Loren polished off his drink. I picked up his empty glass and went into the kitchen to mix him another vodka tonic.
“It seems to me that all Cordelia has to do is blame Janna, and all Janna has to do is blame Cordelia,” I said as I carried the drink back and sat down.
“What’s wrong with that equation, Chanse?”
When I didn’t answer, Loren went on.
“Cordelia’s gotten herself into a bad situation, certainly, and she may truly believe Janna killed Wendell. But the most important thing for Cordelia is to protect the family name. Apparently you didn’t grasp that when you met with her.”
“She came through loud and clear. I just don’t get it.”
“You don’t have to get it, Chanse. Just do what she wants. Wendell Sheehan had enemies. Focus on them.”
“Like Kenny Musgrave?” I said frostily.
“Bingo. I doubt that Cordelia herself slipped those photocopies through your mail slot, but she has plenty of employees. This Kenneth Musgrave may be Grace’s half-brother, but he isn’t a Sheehan. Neither Cordelia nor Janna will be available to you for future questioning.”
He held up his hand as I started to protest.
“I know what you’re going to say, but you need to look elsewhere. You won’t have access to either Mrs. Sheehan, and they aren’t going to let you anywhere near the kids. You’ll be fired first. The last thing you want to do is get on the wrong side of Cordelia Spencer Sheehan, Ch
anse. She’s a very vindictive woman—especially when it comes to her family. Just do what she wants. Stay away from them. Wendell had plenty of enemies.”
“None of whom had access to his wife’s gun or could have gotten into and out of the house without anyone knowing. And there’s another thing. Wendell’s whereabouts are unaccounted for during three-and-a-half hours that night. He left his campaign office at around eight. According to the Sheehans, he didn’t get home until eleven-thirty. It’s a fifteen-minute drive, tops.”
“Find out where he was and who he was with,” Loren said. “Check into Kenneth Musgrave. You might be surprised by what turns up.”
That sounded like I was being sent on a wild goose chase. This entire thing went against my grain, and I said so.

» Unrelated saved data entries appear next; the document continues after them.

(* Let $P_7(\lambda;m,\varepsilon)$ be the seventh-order polynomial in $\lambda$ defined in the context. There exist $\upsilon_0>0$ and $\varepsilon_*>0$ such that, for all $m\in[3,7]$, all $\varepsilon\in(0,\varepsilon_* )$ and any purely imaginary root $i\upsilon$ of $P_7(\cdot;m,\varepsilon)$ with $\upsilon>0$, it holds that $0<\upsilon<\upsilon_0$.
   Context: $P_7(\lambda;m,\varepsilon)=a_0\lambda^7+a_1\lambda^6+a_2\lambda^5+a_3\lambda^4+a_4\lambda^3+a_5\lambda^2+a_6\lambda+a_7$ with $a_i=a_i(m,\varepsilon)$: $a_0=2^{11}(\varepsilon-1)^4\varepsilon^2$; $a_1=-2^{11}(\varepsilon^2-\varepsilon)^2[(5\varepsilon^2-2\varepsilon+1)m^2+2(\varepsilon+1)^2m+4]$; $a_2=(\varepsilon^2-\varepsilon)[\varepsilon(59\varepsilon^3-9\varepsilon^2+17\varepsilon-3)m^4+4\varepsilon(15\varepsilon^3+15\varepsilon^2+17\varepsilon+1)m^3+4(\varepsilon+2)(\varepsilon^3+9\varepsilon^2+5\varepsilon+1)m^2-8(2\varepsilon^3-3\varepsilon^2-4\varepsilon-3)m-8(\varepsilon-1)(\varepsilon+2)]$; $a_3=2^7[-\varepsilon^2(5\varepsilon-1)(9\varepsilon^3+\varepsilon^2+7\varepsilon-1)m^6-2\varepsilon^2(59\varepsilon^4-8\varepsilon^3+74\varepsilon^2+8\varepsilon-5)m^5-4\varepsilon(4\varepsilon^5+27\varepsilon^4+24\varepsilon^3+37\varepsilon^2+6\varepsilon-2)m^4+4\varepsilon(4\varepsilon^5+20\varepsilon^4-31\varepsilon^3-23\varepsilon^2-33\varepsilon-1)m^3+4(9\varepsilon^5+27\varepsilon^4-15\varepsilon^3-24\varepsilon^2-12\varepsilon-1)m^2+4(\varepsilon^4+17\varepsilon^3-7\varepsilon^2-9\varepsilon-2)m-4(\varepsilon-1)^2(2\varepsilon+1)]$; $a_4=2^3[\varepsilon^2(9\varepsilon-1)^2(\varepsilon-1)^2m^8+8\varepsilon^2(\varepsilon-1)(45\varepsilon^3+5\varepsilon^2-21\varepsilon+3)m^7+8\varepsilon(21\varepsilon^5-58\varepsilon^4-84\varepsilon^3-32\varepsilon^2+27\varepsilon-2)m^6-16\varepsilon(34\varepsilon^5+42\varepsilon^4+113\varepsilon^3+81\varepsilon^2-7\varepsilon-7)m^5-16(7\varepsilon^6+96\varepsilon^5+75\varepsilon^4+176\varepsilon^3+42\varepsilon^2-10\varepsilon-2)m^4+16\varepsilon(6\varepsilon^4-75\varepsilon^3-65\varepsilon^2-117\varepsilon-5)m^3+16(29\varepsilon^4-7\varepsilon^3-48\varepsilon^2-31\varepsilon-7)m^2+32(\varepsilon-1)(7\varepsilon^2+14\varepsilon+3)m-16(\varepsilon-1)^2]$; $a_5=2^5m[\varepsilon^2(\varepsilon-1)^2(9\varepsilon^2+\varepsilon-2)m^7+(\varepsilon^2-\varepsilon)(38\varepsilon^4+46\varepsilon^3-39\varepsilon^2+3)m^6+(36\varepsilon^6+33\varepsilon^5-123\varepsilon^4-95\varepsilon^3+54\varepsilon^2-1)m^5-(8\varepsilon^6-8\varepsilon^5+169\varepsilon^4+233\varepsilon^3+25\varepsilon^2-41\varepsilon-2)m^4-(60\varepsilon^5+110\varepsilon^4+320\varepsilon^3+129\varepsilon^2-22\varepsilon-21)m^3-4(16\varepsilon^4+37\varepsilon^3+41\varepsilon^2+7\varepsilon-5)m^2+2(4\varepsilon^3-37\varepsilon^2-10\varepsilon-5)m+4(5\varepsilon^2-2\varepsilon-3)]$; $a_6=2^3m[2\varepsilon^2(\varepsilon-1)^2(\varepsilon+1)(2\varepsilon-1)m^7+(\varepsilon^2-\varepsilon)(16\varepsilon^4+58\varepsilon^3-19\varepsilon^2-10\varepsilon+3)m^6+(16\varepsilon^6+72\varepsilon^5-39\varepsilon^4-171\varepsilon^3+42\varepsilon^2+17\varepsilon-1)m^5+2(20\varepsilon^5-12\varepsilon^4-113\varepsilon^3-69\varepsilon^2+41\varepsilon+5)m^4-(2\varepsilon+1)(18\varepsilon^3+81\varepsilon^2+80\varepsilon-51)m^3-4(28\varepsilon^3+31\varepsilon^2+20\varepsilon-15)m^2-4(11\varepsilon-3)(\varepsilon+1)m-8(1-\varepsilon)]$; $a_7=2^4(m^2+m^3)[\varepsilon^2(\varepsilon^2-1)(2\varepsilon-1)m^4+\varepsilon(2\varepsilon-1)(3\varepsilon^2-3\varepsilon-2)m^3+(2\varepsilon^4-13\varepsilon^2+4\varepsilon+1)m^2-3(2\varepsilon-1)(\varepsilon+1)m+2(1-2\varepsilon)]$. *)

theory Defs
  imports Complex_Main "HOL-Computational_Algebra.Polynomial"
begin

definition a0 :: "real \<Rightarrow> real \<Rightarrow> real" where
  "a0 m e = 2^11 * (e - 1)^4 * e^2"

definition a1 :: "real \<Rightarrow> real \<Rightarrow> real" where
  "a1 m e = - (2^11) * (e^2 - e)^2 * ((5*e^2 - 2*e + 1)*m^2 + 2*(e + 1)^2*m + 4)"

definition a2 :: "real \<Rightarrow> real \<Rightarrow> real" where
  "a2 m e = (e^2 - e) * (e*(59*e^3 - 9*e^2 + 17*e - 3)*m^4
     + 4*e*(15*e^3 + 15*e^2 + 17*e + 1)*m^3
     + 4*(e + 2)*(e^3 + 9*e^2 + 5*e + 1)*m^2
     - 8*(2*e^3 - 3*e^2 - 4*e - 3)*m
     - 8*(e - 1)*(e + 2))"

definition a3 :: "real \<Rightarrow> real \<Rightarrow> real" where
  "a3 m e = 2^7 * ( - (e^2*(5*e - 1)*(9*e^3 + e^2 + 7*e - 1)*m^6)
     - 2*e^2*(59*e^4 - 8*e^3 + 74*e^2 + 8*e - 5)*m^5
     - 4*e*(4*e^5 + 27*e^4 + 24*e^3 + 37*e^2 + 6*e - 2)*m^4
     + 4*e*(4*e^5 + 20*e^4 - 31*e^3 - 23*e^2 - 33*e - 1)*m^3
     + 4*(9*e^5 + 27*e^4 - 15*e^3 - 24*e^2 - 12*e - 1)*m^2
     + 4*(e^4 + 17*e^3 - 7*e^2 - 9*e - 2)*m
     - 4*(e - 1)^2*(2*e + 1))"

definition a4 :: "real \<Rightarrow> real \<Rightarrow> real" where
  "a4 m e = 2^3 * ( e^2*(9*e - 1)^2*(e - 1)^2*m^8
     + 8*e^2*(e - 1)*(45*e^3 + 5*e^2 - 21*e + 3)*m^7
     + 8*e*(21*e^5 - 58*e^4 - 84*e^3 - 32*e^2 + 27*e - 2)*m^6
     - 16*e*(34*e^5 + 42*e^4 + 113*e^3 + 81*e^2 - 7*e - 7)*m^5
     - 16*(7*e^6 + 96*e^5 + 75*e^4 + 176*e^3 + 42*e^2 - 10*e - 2)*m^4
     + 16*e*(6*e^4 - 75*e^3 - 65*e^2 - 117*e - 5)*m^3
     + 16*(29*e^4 - 7*e^3 - 48*e^2 - 31*e - 7)*m^2
     + 32*(e - 1)*(7*e^2 + 14*e + 3)*m
     - 16*(e - 1)^2)"

definition a5 :: "real \<Rightarrow> real \<Rightarrow> real" where
  "a5 m e = 2^5 * m * ( e^2*(e - 1)^2*(9*e^2 + e - 2)*m^7
     + (e^2 - e)*(38*e^4 + 46*e^3 - 39*e^2 + 3)*m^6
     + (36*e^6 + 33*e^5 - 123*e^4 - 95*e^3 + 54*e^2 - 1)*m^5
     - (8*e^6 - 8*e^5 + 169*e^4 + 233*e^3 + 25*e^2 - 41*e - 2)*m^4
     - (60*e^5 + 110*e^4 + 320*e^3 + 129*e^2 - 22*e - 21)*m^3
     - 4*(16*e^4 + 37*e^3 + 41*e^2 + 7*e - 5)*m^2
     + 2*(4*e^3 - 37*e^2 - 10*e - 5)*m
     + 4*(5*e^2 - 2*e - 3))"

definition a6 :: "real \<Rightarrow> real \<Rightarrow> real" where
  "a6 m e = 2^3 * m * ( 2*e^2*(e - 1)^2*(e + 1)*(2*e - 1)*m^7
     + (e^2 - e)*(16*e^4 + 58*e^3 - 19*e^2 - 10*e + 3)*m^6
     + (16*e^6 + 72*e^5 - 39*e^4 - 171*e^3 + 42*e^2 + 17*e - 1)*m^5
     + 2*(20*e^5 - 12*e^4 - 113*e^3 - 69*e^2 + 41*e + 5)*m^4
     - (2*e + 1)*(18*e^3 + 81*e^2 + 80*e - 51)*m^3
     - 4*(28*e^3 + 31*e^2 + 20*e - 15)*m^2
     - 4*(11*e - 3)*(e + 1)*m
     - 8*(1 - e))"

definition a7 :: "real \<Rightarrow> real \<Rightarrow> real" where
  "a7 m e = 2^4 * (m^2 + m^3) * ( e^2*(e^2 - 1)*(2*e - 1)*m^4
     + e*(2*e - 1)*(3*e^2 - 3*e - 2)*m^3
     + (2*e^4 - 13*e^2 + 4*e + 1)*m^2
     - 3*(2*e - 1)*(e + 1)*m
     + 2*(1 - 2*e))"

definition P7 :: "real \<Rightarrow> real \<Rightarrow> real poly" where
  "P7 m e = Poly [a7 m e, a6 m e, a5 m e, a4 m e, a3 m e, a2 m e, a1 m e, a0 m e]"

end

theory Submission
  imports Defs "HOL-Analysis.Elementary_Topology"
begin

text \<open>On the imaginary axis, \<open>Im (P\<^sub>7(i\<upsilon>)) = \<upsilon> (- a\<^sub>0 \<upsilon>\<^sup>6 + a\<^sub>2 \<upsilon>\<^sup>4 - a\<^sub>4 \<upsilon>\<^sup>2 + a\<^sub>6)\<close>.
  Here \<open>a\<^sub>0 \<ge> 0\<close> always, \<open>a\<^sub>2\<close> is \<open>\<epsilon>(\<epsilon> - 1)\<close> times a factor that is positive at \<open>\<epsilon> = 0\<close>,
  and \<open>a\<^sub>4 > 1\<close> at \<open>\<epsilon> = 0\<close>. By compactness of \<open>[3,7]\<close> these signs persist,
  uniformly in \<open>m\<close>, for all small \<open>\<epsilon>\<close>, while \<open>a\<^sub>6\<close> stays bounded. Then the bracket is
  negative once \<open>\<upsilon>\<^sup>2\<close> exceeds the bound on \<open>a\<^sub>6\<close>, so large \<open>\<upsilon>\<close> give no roots.\<close>

lemma eventually_nhds_forall_compact_less:
  fixes f :: "'a::topological_space \<Rightarrow> 'b::topological_space \<Rightarrow> real"
  assumes "compact K" and "continuous_on UNIV (\<lambda>(t, x). f t x)" and "\<forall>x\<in>K. L < f t0 x"
  shows "\<forall>\<^sub>F t in nhds t0. \<forall>x\<in>K. L < f t x"
proof -
  let ?W = "{(t, x). L < f t x}"
  have "open ?W"
    using open_Collect_less[OF continuous_on_const assms(2)] by (simp add: case_prod_unfold)
  moreover have "{t0} \<times> K \<subseteq> ?W"
    using assms(3) by auto
  ultimately obtain T where "t0 \<in> T" "open T" "T \<times> K \<subseteq> ?W"
    using tube_lemma[OF assms(1)] by blast
  then show ?thesis
    unfolding eventually_nhds by (intro exI[of _ T]) auto
qed

lemma Im_poly_P7_imaginary:
  "Im (poly (map_poly complex_of_real (P7 m e)) (\<i> * complex_of_real v))
     = v * (- a0 m e * v^6 + a2 m e * v^4 - a4 m e * v^2 + a6 m e)"
  unfolding P7_def
  by (simp add: map_poly_pCons algebra_simps power2_eq_square power3_eq_cube eval_nat_numeral)

lemma a0_nonneg: "0 \<le> a0 m e"
  unfolding a0_def by (simp add: power_even_eq)

definition a2_cofactor :: "real \<Rightarrow> real \<Rightarrow> real" where
  "a2_cofactor m e = e*(59*e^3 - 9*e^2 + 17*e - 3)*m^4
     + 4*e*(15*e^3 + 15*e^2 + 17*e + 1)*m^3
     + 4*(e + 2)*(e^3 + 9*e^2 + 5*e + 1)*m^2
     - 8*(2*e^3 - 3*e^2 - 4*e - 3)*m
     - 8*(e - 1)*(e + 2)"

lemma a2_eq_cofactor: "a2 m e = (e^2 - e) * a2_cofactor m e"
  unfolding a2_def a2_cofactor_def ..

lemma a2_nonpos:
  assumes "0 \<le> e" "e \<le> 1" "0 \<le> a2_cofactor m e"
  shows "a2 m e \<le> 0"
proof -
  have "e^2 - e \<le> 0"
    using assms(1,2) mult_left_le[of e e] by (simp add: power2_eq_square)
  then show ?thesis
    unfolding a2_eq_cofactor using assms(3) by (rule mult_nonpos_nonneg)
qed

lemma a2_cofactor_at_0_pos:
  assumes "0 \<le> m"
  shows "0 < a2_cofactor m 0"
proof -
  have "a2_cofactor m 0 = 8*m^2 + 24*m + 16"
    unfolding a2_cofactor_def by simp
  then show ?thesis
    using assms zero_le_power2[of m] by linarith
qed

lemma a4_at_0_gt_1:
  assumes "3 \<le> m"
  shows "1 < a4 m 0"
proof -
  have a4_0: "a4 m 0 = 256*m^4 - 896*m^2 - 768*m - 128"
    unfolding a4_def by simp
  have "3 * m \<le> m^2"
    using assms by (simp add: power2_eq_square mult_right_mono)
  moreover have "9 * m^2 \<le> m^4"
    using \<open>3 * m \<le> m^2\<close> assms mult_mono[of "3 * m" "m^2" 3 m]
    by (simp add: power2_eq_square power4_eq_xxxx mult_right_mono mult.assoc)
  ultimately show ?thesis
    unfolding a4_0 using assms by linarith
qed

lemma eventually_a2_cofactor_pos:
  "\<forall>\<^sub>F e in nhds 0. \<forall>m\<in>{3..7}. 0 < a2_cofactor m e"
proof (rule eventually_nhds_forall_compact_less[where f = "\<lambda>e m. a2_cofactor m e"])
  show "continuous_on UNIV (\<lambda>(e, m). a2_cofactor m e)"
    unfolding a2_cofactor_def case_prod_beta by (intro continuous_intros)
qed (auto intro: a2_cofactor_at_0_pos)

lemma eventually_a4_gt_1:
  "\<forall>\<^sub>F e in nhds 0. \<forall>m\<in>{3..7}. 1 < a4 m e"
proof (rule eventually_nhds_forall_compact_less[where f = "\<lambda>e m. a4 m e"])
  show "continuous_on UNIV (\<lambda>(e, m). a4 m e)"
    unfolding a4_def case_prod_beta by (intro continuous_intros)
qed (auto intro: a4_at_0_gt_1)

lemma a6_bounded: "\<exists>B. \<forall>m\<in>{3..7}. \<forall>e\<in>{0..1}. a6 m e \<le> B"
proof -
  let ?box = "{3..7 :: real} \<times> {0..1 :: real}"
  have "continuous_on ?box (\<lambda>(m, e). a6 m e)"
    unfolding a6_def case_prod_beta by (intro continuous_intros)
  moreover have "compact ?box" "?box \<noteq> {}"
    by (auto intro: compact_Times)
  ultimately obtain p where "\<forall>q\<in>?box. (\<lambda>(m, e). a6 m e) q \<le> (\<lambda>(m, e). a6 m e) p"
    using continuous_attains_sup by blast
  then show ?thesis
    by fastforce
qed

lemma P7_imaginary_root_below:
  assumes "0 \<le> e" "e \<le> 1" "0 \<le> a2_cofactor m e" "1 < a4 m e" "a6 m e \<le> B"
    and root: "poly (map_poly complex_of_real (P7 m e)) (\<i> * complex_of_real v) = 0"
  shows "v < max 1 B"
proof (rule ccontr)
  assume "\<not> v < max 1 B"
  then have "1 \<le> v" "B \<le> v"
    by simp_all
  then have "0 < v"
    by simp
  have "v * (- a0 m e * v^6 + a2 m e * v^4 - a4 m e * v^2 + a6 m e) = 0"
    using Im_poly_P7_imaginary[of m e v] root by simp
  then have bracket: "- a0 m e * v^6 + a2 m e * v^4 - a4 m e * v^2 + a6 m e = 0"
    using \<open>0 < v\<close> by simp
  have "0 \<le> a0 m e * v^6"
    using a0_nonneg by simp
  moreover have "a2 m e * v^4 \<le> 0"
    using a2_nonpos[OF assms(1-3)] by (simp add: mult_nonpos_nonneg)
  moreover have "v^2 < a4 m e * v^2"
    using mult_strict_right_mono[OF assms(4), of "v^2"] \<open>0 < v\<close> by simp
  moreover have "v \<le> v^2"
    using mult_left_mono[OF \<open>1 \<le> v\<close>, of v] \<open>0 < v\<close> by (simp add: power2_eq_square)
  ultimately show False
    using bracket assms(5) \<open>B \<le> v\<close> by linarith
qed

theorem lemma5p2:
  "\<exists>\<upsilon>0 > 0. \<exists>\<epsilon>s > 0. \<forall>m \<in> {3..7::real}. \<forall>e \<in> {0<..<\<epsilon>s}. \<forall>\<upsilon> > 0.
     poly (map_poly complex_of_real (P7 m e)) (\<i> * complex_of_real \<upsilon>) = 0 \<longrightarrow> \<upsilon> < \<upsilon>0"
proof -
  obtain B where B: "\<forall>m\<in>{3..7}. \<forall>e\<in>{0..1}. a6 m e \<le> B"
    using a6_bounded by blast
  obtain d where "0 < d" and near_0:
    "\<And>e. \<bar>e\<bar> < d \<Longrightarrow> \<forall>m\<in>{3..7}. 0 < a2_cofactor m e \<and> 1 < a4 m e"
    using eventually_conj[OF eventually_a2_cofactor_pos eventually_a4_gt_1]
    unfolding eventually_nhds_metric dist_real_def by auto
  have "\<forall>m \<in> {3..7}. \<forall>e \<in> {0<..<min d 1}. \<forall>\<upsilon> > 0.
     poly (map_poly complex_of_real (P7 m e)) (\<i> * complex_of_real \<upsilon>) = 0 \<longrightarrow> \<upsilon> < max 1 B"
  proof (intro ballI allI impI)
    fix m e \<upsilon> :: real
    assume "m \<in> {3..7}" "e \<in> {0<..<min d 1}"
      and root: "poly (map_poly complex_of_real (P7 m e)) (\<i> * complex_of_real \<upsilon>) = 0"
    then show "\<upsilon> < max 1 B"
      using near_0[of e] B
      by (intro P7_imaginary_root_below[OF _ _ _ _ _ root]) (auto intro: less_imp_le)
  qed
  moreover have "0 < max 1 B" "0 < min d 1"
    using \<open>0 < d\<close> by simp_all
  ultimately show ?thesis
    by blast
qed

end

Loren laughed. “Once a cop, always a cop,” he said. “Nobody’s asking you to frame anyone, Chanse. Is it so hard for you to conceive that everything that happened that night happened exactly the way they said it did? Can’t you for one minute imagine that neither Janna nor Cordelia killed Wendell?”
“I’d find it a lot easier to believe if they weren’t lying,” I said.
“Open your mind to the possibility.”
Loren removed a check from his briefcase and passed it to me. I looked at it and put the check down on the table.
“Fifty thousand dollars is a lot of money,” I said. “Is this a bribe?”
“For God’s sake, Chanse. No one is asking you to do anything unethical or immoral. What if, in the course of your investigation, you find out someone else did kill Wendell Sheehan? Take this check to the bank, cash it, and do what Cordelia wants. Run your investigation predicated on the idea that neither woman committed this crime. Presumption of innocence, remember? You just need to find someone—anyone—who had reason to want Wendell Sheehan dead, and who doesn’t have an alibi for the night of the murder. It’s a pretty decent payday—and it’s not a bad thing to have Cordelia Spencer Sheehan in your debt.”
He stood up, closing his briefcase. I went to see him out.
“And what if I find evidence that Cordelia or Janna actually did kill him?”